Moad Snow was told when she came back to Nampa that Old Mercy's intensive care unit would be fully set up and ready to go; all she would need to do was train the nurses. It didn't quite turn out that way.
"I came back, and I'll never forget ... I went home and cried that day," Moad Snow said.
One of the nuns at the hospital took her downstairs and showed her where she would set up the intensive care unit. She had two small rooms, and to wheel a patient out to the elevator to the surgical department she had to physically move her nurse's station desk.

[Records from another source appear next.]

lemma component_class_bij:
  "bij_betw component_class (orbit_vertices G V SV FV P // conn) (Rep G FT P (SV vs))"
proof (rule bij_betw_imageI)
  show "inj_on component_class (orbit_vertices G V SV FV P // conn)"
  proof (rule inj_onI)
    fix M N assume "M \<in> orbit_vertices G V SV FV P // conn" "N \<in> orbit_vertices G V SV FV P // conn"
      and eq: "component_class M = component_class N"
    then obtain v \<alpha> w \<beta> where v: "v \<in> V" "\<alpha> \<in> sub_hom G P (SV v)" "M = conn `` {vert v \<alpha>}"
      and w: "w \<in> V" "\<beta> \<in> sub_hom G P (SV w)" "N = conn `` {vert w \<beta>}"
      by (auto elim!: quotientE orbit_vertexE)
    from eq v w have "rep_cls G FT P (SV vs) \<alpha> = rep_cls G FT P (SV vs) \<beta>"
      by (simp add: component_class_vert)
    then have "(\<alpha>, \<beta>) \<in> rep_rel G FT P (SV vs)"
      using rep_cls_eq_iff[OF fusion_system_FT P order_refl] sub_hom_mono SV_sub_root v w by blast
    then show "M = N" unfolding v(3) w(3)
      using conn_vert_iff[OF v(1) w(1) v(2) w(2)] equiv_class_eq[OF conn_equiv] by blast
  qed
  show "component_class ` (orbit_vertices G V SV FV P // conn) = Rep G FT P (SV vs)"
  proof (intro equalityI subsetI)
    fix c assume "c \<in> component_class ` (orbit_vertices G V SV FV P // conn)"
    then obtain v \<alpha> where v: "v \<in> V" "\<alpha> \<in> sub_hom G P (SV v)"
      and "c = component_class (conn `` {vert v \<alpha>})"
      by (auto elim!: quotientE orbit_vertexE)
    then have "c = rep_cls G FT P (SV vs) \<alpha>" by (simp add: component_class_vert)
    moreover have "\<alpha> \<in> sub_hom G P (SV vs)" using sub_hom_mono[OF SV_sub_root[OF v(1)]] v(2) by blast
    ultimately show "c \<in> Rep G FT P (SV vs)" unfolding Rep_def rep_cls_def by (simp add: quotientI)
  next
    fix c assume "c \<in> Rep G FT P (SV vs)"
    then obtain \<alpha> where "\<alpha> \<in> sub_hom G P (SV vs)" "c = rep_cls G FT P (SV vs) \<alpha>"
      unfolding Rep_def rep_cls_def by (auto elim!: quotientE)
    then have "c = component_class (conn `` {vert vs \<alpha>})" by (simp add: component_class_vert[OF vs])
    moreover have "conn `` {vert vs \<alpha>} \<in> orbit_vertices G V SV FV P // conn"
      using vert_in_orbit_vertices[OF vs \<open>\<alpha> \<in> _\<close>] by (rule quotientI)
    ultimately show "c \<in> component_class ` (orbit_vertices G V SV FV P // conn)" by blast
  qed
qed

end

Thankfully, that set-up was not permanent. Three months later, in September 1968, the Mercy Medical Center opened.
Although Saint Alphonsus is preparing to replace that facility this summer when it opens a new medical center nearby, the hospital was modern for its time, Moad Snow said, especially the ICU.
When the ICU was still in its early years, Moad Snow traveled to Russia to observe intensive medical care. She noticed they had a different policy than she was used to: Family members were allowed to stay nearby with the patient, as opposed to being kept at a distance. It broke all the rules Moad Snow learned, but it made such a difference in the patients' treatment and recovery.
When she got back to Idaho, Moad Snow tore up her rule book and let families visit patients in the ICU.
"It just made everything so much better," she added.
Moad Snow's career saw the application of new medical procedures.
She remembers the first time she watched a pacemaker get inserted. She thought the patient was going to die.
"And then when we got it connected and we saw that blip, and the patient's heart beating on the regular — it's pretty thrilling," Moad Snow said. "And I just couldn't get over how we could do things like that."
With all the changes, what hasn't changed about quality nursing is caring for patients, Moad Snow said.
"I still think there's a lot of care there. If you're a nurse, a good nurse, and you care about patients — I think they still have that," she said.